Suatu kelompok yang berpaham radikal bercirikan dimana kelompok yang memeluk suatu agama yang kurang memahami isi ajaran agama tersebut tetapi sikapnya merasa paling paham dan benar soal agamanya dan berusaha keras bahkan terkesan memaksa untuk mengajak pihak lain masuk pada kelompoknya.
Dalam berbagai kesempatan mereka menyalahkan agama lain dengan menyebut pemahaman keagamaan di luar mereka sebagai pemahaman ajaran agamanya yang tidak asli dan banyak yang dibuat buat oleh mereka sendiri. Umumnya mereka yang menganut fenomena tersebut cenderung mengikuti doktrin dari satu pihak saja sehingga mereka terperangkap dalam pemikiran yang ekstrim dan tidak terbuka.
Mereka tidak memahami ajaran agamanya secara benar dan tidak mengerti intisari dari ajaran agama yg dipercayai nya. Ideologi radikal yang di dasari keyakinan keagamaan itu awalnya hanya sebagai gerakan sosial tetapi kemudian menjadi gerakan politik.
Radikalisme di sebagian besar masyarakat bisa muncul karena banyak hal. Salah satunya karena lemahnya pemahaman agama. Radikalisme ini merupakan sasaran yang tepat bagi orang -orang yang bertujuan menyelewengkan ajaran agama atau mengajarkan paham-paham keagamaan yang sesat. Umat yang imannya lemah mudah tergiur dengan bujukan material untuk melakukan hal-hal yang menyimpang dari ajaran agama.
3. Pemahaman yang liberal, bebas semaunya tanpa mengikuti kaedah yang ada
Liberalisme, adalah sebuah istilah asing yang diambil dari bahasa Inggris, yang berarti kebebasan. Kata ini kembali kepada kata “liberty” dalam bahasa Inggrisnya, atau “liberte” menurut bahasa Perancis, yang bermakna bebas. Setiap individu bebas melakukan perbuatan. Negara tak memiliki hak mengatur.
Perbuatan itu hanya dibatasi oleh undang-undang yang dibuat sendiri, dan tidak terikat dengan aturan agama. Dengan demikian, liberalisme merupakan sisi lain dari sekulerisme, yaitu memisahkan dari agama dan membolehkan lepas dari ketentuan agama. Sehingga asas ini memberikan kebebasan kepada manusia untuk berbuat, berkata, berkeyakinan, dan berhukum sesukanya tanpa adanya batasan.
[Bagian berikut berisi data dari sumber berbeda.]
lemma immediate_exit_if_value_fn_eq_on_tents:
  assumes "prob_space (P x)" "0 < lam"
    and v1: "value_fn P Dom ell lam (tent x 1) x = 1"
    and v2: "value_fn P Dom ell lam (tent x 2) x = 2"
  shows "AE \<omega> in completion (P x). exit_time (closure Dom) \<omega> = 0"
proof -
  interpret M: prob_space "completion (P x)"
    using assms(1) by (rule prob_space.prob_space_completion)
  let ?\<zeta> = "exit_time (closure Dom)"
  define J where "J \<omega> = discounted_exit_reward lam (tent x 1) (?\<zeta> \<omega>) \<omega>" for \<omega>
  have tent2: "tent x 2 = (\<lambda>y. 2 * tent x 1 y)"
    by (simp add: tent_def fun_eq_iff)
  have "payoff Dom ell lam (tent x 1) = (\<lambda>\<omega>. running_cost Dom ell lam \<omega> + J \<omega>)"
    by (simp add: fun_eq_iff payoff_eq_running_cost_plus_exit_reward J_def)
  moreover have "payoff Dom ell lam (tent x 2) = (\<lambda>\<omega>. running_cost Dom ell lam \<omega> + 2 * J \<omega>)"
    unfolding tent2 by (simp add: fun_eq_iff payoff_eq_running_cost_plus_exit_reward J_def
        discounted_exit_reward_scale)
  ultimately have "M.expectation (\<lambda>\<omega>. running_cost Dom ell lam \<omega> + J \<omega>) = 1"
    "M.expectation (\<lambda>\<omega>. running_cost Dom ell lam \<omega> + 2 * J \<omega>) = 2"
    using v1 v2 by (simp_all add: value_fn_def)
  then have "integrable (completion (P x)) J" "M.expectation J = 1"
    using integral_diff_of_nonzero_integrals[of _ _ J] by auto
  moreover have "J \<omega> \<le> 1" for \<omega>
    unfolding J_def
    by (rule discounted_exit_reward_le_1[OF exit_time_nonneg assms(2)]) (simp_all add: tent_def)
  ultimately have "AE \<omega> in completion (P x). J \<omega> = 1"
    by (rule M.AE_eq_1_if_le_1_and_integral_1)
  then show ?thesis
  proof eventually_elim
    case (elim \<omega>)
    show ?case
      by (rule exit_time_0_if_discounted_exit_reward_1[OF exit_time_nonneg assms(2) _
            elim[unfolded J_def]]) (simp add: tent_def)
  qed
qed

theorem lemmaA1:
  fixes Pt :: "real \<Rightarrow> (real^'n \<Rightarrow> real) \<Rightarrow> real^'n \<Rightarrow> real"
    and P :: "real^'n \<Rightarrow> (real \<Rightarrow> real^'n) measure"
    and Dom :: "(real^'n) set"
    and ell :: "real^'n \<Rightarrow> real"
    and lam :: real
  assumes proc: "feller_process Pt P"
    and gen: "C0_smooth \<subseteq> generator_domain Pt"
    and O_open: "open Dom" and O_bdd: "bounded Dom" and O_conn: "connected Dom"
    and ell: "ell \<in> C0_lip"
    and lam: "lam > 0"
    and finite_exit: "\<forall>x. emeasure (completion (P x))
                        {\<omega> \<in> space (P x). exit_time (closure Dom) \<omega> < \<infinity>} = 1"
  shows "(\<Inter>g \<in> C0_lip. Gamma_out P Dom ell lam g) = regular_boundary P Dom"
proof -
  have prob: "prob_space (P x)" and start: "AE \<omega> in P x. \<omega> 0 = x" for x
    using proc by (auto simp: feller_process_def)
  have "x \<in> regular_boundary P Dom \<longleftrightarrow> (\<forall>g \<in> C0_lip. x \<in> Gamma_out P Dom ell lam g)" for x
  proof
    assume "x \<in> regular_boundary P Dom"
    then have "x \<in> frontier Dom"
      and "AE \<omega> in completion (P x). exit_time (closure Dom) \<omega> = 0"
      using regular_for_complement_closure_iff_AE[OF prob] by (auto simp: regular_boundary_def)
    then show "\<forall>g \<in> C0_lip. x \<in> Gamma_out P Dom ell lam g"
      using value_fn_eq_if_immediate_exit[of P x, OF prob start] by (auto simp: Gamma_out_def)
  next
    assume "\<forall>g \<in> C0_lip. x \<in> Gamma_out P Dom ell lam g"
    then have "x \<in> Gamma_out P Dom ell lam (tent x 1)" "x \<in> Gamma_out P Dom ell lam (tent x 2)"
      using tent_in_C0_lip[where a = 1] tent_in_C0_lip[where a = 2] by auto
    then show "x \<in> regular_boundary P Dom"
      using immediate_exit_if_value_fn_eq_on_tents[of P x, OF prob lam]
        regular_for_complement_closure_iff_AE[OF prob]
      by (auto simp: Gamma_out_def regular_boundary_def)
  qed
  then show ?thesis
    by blast
qed

end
Manusia menjadi tuhan untuk dirinya dan penyembah hawa nafsunya. Manusia terbebas dari hukum, dan tidak diperintahkan mengikuti ajaran agamanya.
Sementara itu konflik antar umat beragama umumnya tidak murni disebabkan oleh faktor agama melainkan faktor ekonomi, politik dan sosial yang kemudian diagamakan. Beberapa penyebabnya seperti:
1. Persoalan pendirian rumah ibadah atau cara penyiaran/penyebaran agama yang tidak sesuai dengan ketentuan yang berlaku
Pendirian rumah ibadah dan cara penyebaran agama yang tidak sesuai dengan ketentuan yang berlaku masih tetap menjadi pemicu utama munculnya konflik bernuansa agama di Indonesia. Konflik bernuansa agama tersebut hingga kini sulit diredam karena kurang efektifnya pelaksanaan peraturan perundang-undangan di bidang agama.